Second, we consider the problem of maximising linear response of a specific observable \(c:X\rightarrow \mathbb {R}\) to a change in the stochastic perturbations. Given a small change in the kernel q we obtain a new invariant measure \(\mu '\), and we compare \(\mathbb {E}_\mu (c)\) with \(\mathbb {E}_{\mu '}(c)\). How should the stochastic process be changed in order that the expectation \(\mathbb {E}_\mu (c)\) increases at the greatest rate? Put another way, which is the most “c-sensitive direction” in the space of stochastic perturbations?

Third, we ask which perturbation of the kernel q produces the greatest change in the rate of convergence to the equilibrium measure of the stochastic process. This rate of convergence is determined by the magnitude of the second eigenvalue \(\lambda _2\) of the transfer operator \(\mathcal {P}\) and we determine the perturbation that pushes the eigenvalue farthest from the unit circle. Related perturbative approaches include [15], where the mixing rate of (possibly periodically driven) fluid flows was increased by perturbing the advective part of the dynamics and solving a linear program; [16], where similar kernel perturbation ideas were used to drive a nonequilibrium density toward equilibrium by solving a convex quadratic program with linear constraints; and [20] where a governing flow is perturbed deterministically so as to evolve a specified initial density into a specified final density over a fixed time duration, with the perturbation determined as the numerical solution of a convex optimisation problem.
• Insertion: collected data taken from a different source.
lemma centred_second_moment_finite: "(\<integral>\<^sup>+\<omega>. \<integral>\<^sup>+u. ennreal ((centred t \<omega> u)\<^sup>2) \<partial>lborel \<partial>P) < \<infinity>"
proof -
  have pointwise: "(\<integral>\<^sup>+\<omega>. ennreal ((centred t \<omega> u)\<^sup>2) \<partial>P)
      \<le> 4 * ((\<integral>\<^sup>+\<omega>. ennreal ((X t \<omega> u)\<^sup>2) \<partial>P) * indicator I u)" for u
  proof (cases "u \<in> I")
    case True
    have "(\<integral>\<^sup>+\<omega>. ennreal ((centred t \<omega> u)\<^sup>2) \<partial>P)
        \<le> (\<integral>\<^sup>+\<omega>. 2 * ennreal ((X t \<omega> u)\<^sup>2) + 2 * ennreal ((mean_curve u)\<^sup>2) \<partial>P)"
    proof (rule nn_integral_mono)
      fix \<omega>
      have "(X t \<omega> u - mean_curve u)\<^sup>2 \<le> 2 * (X t \<omega> u)\<^sup>2 + 2 * (mean_curve u)\<^sup>2"
        using zero_le_power2[of "X t \<omega> u + mean_curve u"] by (simp add: power2_eq_square algebra_simps)
      then have "ennreal ((X t \<omega> u - mean_curve u)\<^sup>2) \<le> ennreal (2 * (X t \<omega> u)\<^sup>2 + 2 * (mean_curve u)\<^sup>2)"
        by (rule ennreal_leI)
      also have "\<dots> = 2 * ennreal ((X t \<omega> u)\<^sup>2) + 2 * ennreal ((mean_curve u)\<^sup>2)"
        by (subst ennreal_plus) (auto simp: ennreal_mult)
      finally show "ennreal ((centred t \<omega> u)\<^sup>2) \<le> 2 * ennreal ((X t \<omega> u)\<^sup>2) + 2 * ennreal ((mean_curve u)\<^sup>2)"
        using True by (simp add: centred_def)
    qed
    also have "\<dots> = 2 * (\<integral>\<^sup>+\<omega>. ennreal ((X t \<omega> u)\<^sup>2) \<partial>P) + 2 * ennreal ((mean_curve u)\<^sup>2)"
      by (simp add: nn_integral_add nn_integral_cmult P.emeasure_space_1)
    also have "\<dots> \<le> 2 * (\<integral>\<^sup>+\<omega>. ennreal ((X t \<omega> u)\<^sup>2) \<partial>P) + 2 * (\<integral>\<^sup>+\<omega>. ennreal ((X t \<omega> u)\<^sup>2) \<partial>P)"
      using mean_curve_square_le[OF True, of t] by (intro add_left_mono mult_left_mono) auto
    also have "\<dots> = 4 * ((\<integral>\<^sup>+\<omega>. ennreal ((X t \<omega> u)\<^sup>2) \<partial>P) * indicator I u)"
      using True by (simp add: distrib_right[symmetric])
    finally show ?thesis .
  qed (simp add: centred_def)
  have "(\<integral>\<^sup>+\<omega>. \<integral>\<^sup>+u. ennreal ((centred t \<omega> u)\<^sup>2) \<partial>lborel \<partial>P)
      = (\<integral>\<^sup>+u. \<integral>\<^sup>+\<omega>. ennreal ((centred t \<omega> u)\<^sup>2) \<partial>P \<partial>lborel)"
    by (rule PL.Fubini'[symmetric]) measurable
  also have "\<dots> \<le> (\<integral>\<^sup>+u. 4 * ((\<integral>\<^sup>+\<omega>. ennreal ((X t \<omega> u)\<^sup>2) \<partial>P) * indicator I u) \<partial>lborel)"
    by (intro nn_integral_mono pointwise)
  also have "\<dots> = 4 * (\<integral>\<^sup>+ u\<in>I. (\<integral>\<^sup>+ \<omega>. ennreal ((X t \<omega> u)\<^sup>2) \<partial>P) \<partial>lborel)"
    by (rule nn_integral_cmult) measurable
  also have "\<dots> < \<infinity>"
    using X_second_moment[of t] by (simp add: ennreal_mult_less_top)
  finally show ?thesis .
qed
In the current setting, our perturbation acts on the stochastic part of the dynamics and we can find a solution in closed form after some preliminary computations.

An outline of the paper is as follows. In Sect. 2 we set up the fundamentals of linear response in finite dimensions. Section 3 tackles the problem of finding the perturbation that maximises the linear response of the equilibrium measure in an \(\ell _2\) sense. We first treat the easier case where the transition matrix for the Markov chain is positive, before moving to the situation of a general irreducible aperiodic Markov chain. In both cases we provide sufficient conditions for a unique optimum, and present explicit algorithms, including "MATLAB" code to carry out the necessary computations. We illustrate these algorithms with a simple analytic example. Section 4 solves the problem of maximising the linear response of the expectation with respect to a particular observable, while Sect. 5 demonstrates how to find the perturbation that maximises the linear response of the rate of convergence to equilibrium. In both of these sections, we provide sufficient conditions for a unique optimum, present explicit algorithms, code, and treat an analytic example. Section 6 considers the linear response problems for a finite sequence of (in general different) stochastic transition matrices. Section 7 applies the theory of Sect. 35 to stochastically perturbed one-dimensional chaotic maps. We develop a numerical scheme to produce finite-rank approximations of the transfer (Perron-Frobenius) operators corresponding to the stochastically perturbed maps. These finite-rank approximations have a stochastic matrix representation, allowing the preceding theory to be applied.

2 Notation and Setting

We follow the notation and initial setup of [29]. Consider a column stochastic transition matrix \(M=(M_{ij})\in \mathbb {R}^{n\times n}\) of a mixing Markov chain on a finite state space \(\{1,\dots ,n\}\). More precisely, we assume that M satisfies:

  1. 1.

    \(0\le M_{ij}\le 1\) for every \(i,j \in \{1,\dots ,n \}\);

  2. 2.

    \(\sum _{i=1}^n M_{ij} = 1\) for every \(j\in \{1,\dots ,n\}\);

  3. 3.

    there exists \(N \in \mathbb {N}\) such that \(M^N_{ij}>0\) for every \(i,j \in \{1,\dots ,n \}\).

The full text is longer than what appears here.